We caution that the law concerning the consideration of race in higher education programs is in flux and is likely to remain so in the near future. As you know, the question of the state’s higher education institutions’ authority to consider race as a factor in their admissions programs currently is pending before the 5th U.S. Circuit Court of Appeals in Hopwood v. Texas. We hope the 5th Circuit will take the current round of Hopwood litigation en banc and give some additional guidance and clarification in this area of the law, but only the U.S. Supreme Court can resolve these sensitive issues with any degree of certainty. Absent clear guidance from the high court, we think it inadvisable to reach broad conclusions on what may or may not be permitted under Hopwood on matters other than admissions. Because this office’s prior opinion on the subject does just that, we withdraw it. We advise state universities in Texas to await a resolution of Hopwood in the 5th Circuit or the U.S. Supreme Court before restructuring or adopting new procedures for their financial aidprograms.
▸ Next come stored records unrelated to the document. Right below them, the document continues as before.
(* Let $X_1,\dots,X_n$ be mutually independent random variables with product distribution $\mu$ and let $A_1,\dots,A_m$ be events, $A_i$ determined by the variables indexed by $\mathrm{vbl}(A_i)\subseteq[n]$. Let $G$ be the dependency graph on $[m]$ (distinct $i,j$ adjacent iff $\mathrm{vbl}(A_i)\cap\mathrm{vbl}(A_j)\neq\emptyset$), $\Gamma^+(S)$ the union of $S\subseteq[m]$ with its neighbours, and $\mathcal{I}$ the collection of independent sets of $G$. Assume $\Pr_\mu(A_i\wedge A_j)=0$ whenever $i,j$ are adjacent. Let $p_i=\Pr_\mu(A_i)$, and for $I\in\mathcal I$ let $$q_I=\sum_{J\in\mathcal{I},\,I\subseteq J}(-1)^{|J|-|I|}\prod_{i\in J}p_i .$$ For an independent set sequence $\mathcal S=(S_1,\dots,S_\ell)$ let $p_{\mathcal S}=\prod_{t=1}^{\ell}\prod_{i\in S_t}p_i$. Run the algorithm: draw all variables independently; in round $t=1,2,\dots$, let $I_t$ be the set of indices of events occurring under the current assignment; if $I_t=\emptyset$ stop, otherwise independently resample all variables in $\bigcup_{i\in I_t}\mathrm{vbl}(A_i)$. Let $I\in\mathcal I$ and let $\mathcal S=(S_1,\dots,S_\ell)$, $\ell\ge1$, be an independent set sequence with $I\subseteq\Gamma^+(S_\ell)$. Then $$\Pr\big(I_t=S_t\text{ for all }1\le t\le \ell\text{ and } I_{\ell+1}=I\big)=q_I\,p_{\mathcal S}.$$
   Context: An independent set sequence is a sequence $S_1,\dots,S_\ell$ of nonempty independent sets of $G$ with $S_{t+1}\subseteq\Gamma^+(S_t)$ for all $1\le t\le\ell-1$. *)

theory Defs
  imports "HOL-Probability.Probability"
begin

text \<open>Variables are indexed by {..<n}, events by {..<m}. An assignment is an
element of the product space PiM {..<n} M. vbl i is the set of variables event i
depends on.\<close>

definition adj :: "(nat \<Rightarrow> nat set) \<Rightarrow> nat \<Rightarrow> nat \<Rightarrow> bool" where
  "adj vbl i j \<longleftrightarrow> i \<noteq> j \<and> vbl i \<inter> vbl j \<noteq> {}"

definition indep_set :: "nat \<Rightarrow> (nat \<Rightarrow> nat set) \<Rightarrow> nat set \<Rightarrow> bool" where
  "indep_set m vbl J \<longleftrightarrow> J \<subseteq> {..<m} \<and> (\<forall>i\<in>J. \<forall>j\<in>J. \<not> adj vbl i j)"

definition Gamma_plus :: "nat \<Rightarrow> (nat \<Rightarrow> nat set) \<Rightarrow> nat set \<Rightarrow> nat set" where
  "Gamma_plus m vbl S = S \<union> {j. j < m \<and> (\<exists>i\<in>S. adj vbl i j)}"

fun indep_set_seq :: "nat \<Rightarrow> (nat \<Rightarrow> nat set) \<Rightarrow> nat set list \<Rightarrow> bool" where
  "indep_set_seq m vbl [] = True"
| "indep_set_seq m vbl [S] = (S \<noteq> {} \<and> indep_set m vbl S)"
| "indep_set_seq m vbl (S # T # Ss) =
     (S \<noteq> {} \<and> indep_set m vbl S \<and> T \<subseteq> Gamma_plus m vbl S \<and> indep_set_seq m vbl (T # Ss))"

definition q_coef :: "nat \<Rightarrow> (nat \<Rightarrow> nat set) \<Rightarrow> (nat \<Rightarrow> real) \<Rightarrow> nat set \<Rightarrow> real" where
  "q_coef m vbl p I =
     (\<Sum>J\<in>{J. indep_set m vbl J \<and> I \<subseteq> J}. (-1) ^ (card J - card I) * (\<Prod>i\<in>J. p i))"

definition p_seq :: "(nat \<Rightarrow> real) \<Rightarrow> nat set list \<Rightarrow> real" where
  "p_seq p Ss = (\<Prod>S\<leftarrow>Ss. \<Prod>i\<in>S. p i)"

definition occurring :: "nat \<Rightarrow> (nat \<Rightarrow> ('b set)) \<Rightarrow> 'b \<Rightarrow> nat set" where
  "occurring m A \<sigma> = {i. i < m \<and> \<sigma> \<in> A i}"

definition resample :: "(nat \<Rightarrow> 'a) \<Rightarrow> nat set \<Rightarrow> (nat \<Rightarrow> 'a) \<Rightarrow> (nat \<Rightarrow> 'a)" where
  "resample \<sigma> T \<tau> = (\<lambda>k. if k \<in> T then \<tau> k else \<sigma> k)"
Texas Attorney General Dan Morales’ Opinion — 1997
Dear Chancellor (William) Hobby:
We have received your opinion request dated Jan. 15 in which you ask various questions concerning the specific effect of the 5th U.S. Circuit Court of Appeals decision in Hopwood v. Texas. …
You … ask whether privately donated, race-restricted scholarships are impacted by Hopwood. … We can say generally that the more involved the university is in administering the program, such as choosing the scholarship recipients or managing the scholarship fund … the higher the probability that a court would imbue the scholarship program with the color of state action. …
If state action exists, then in order to pass constitutional muster, the program must be justified by findings establishing that: 1. Either your institution has discriminated in the not-too-distant past against the racial groups benefited by the preference or that your institution has been a passive participant in acts of private discrimination by specific private actors against the benefited racial groups. 2. There exist present effects of the past discrimination that are not due to societal discrimination. 3. The scholarship program is narrowly tailored to remedy those specifically identified present effects. Narrow tailoring requires that the program be aimed only at the racial groups that were the targets of the past discrimination and that the program last only for as long as necessary to eradicate the present effects of the past discrimination.
You also ask about an institutionally designed, race-restricted internship program. The federal government bears the responsibility of justifying such a racial preference.
Finally, Hopwood does not affect your institution’s ability to collect and report information from institutions regarding minority participation in higher education in Texas. The act of collecting data does not confer a benefit or a burden on any one race.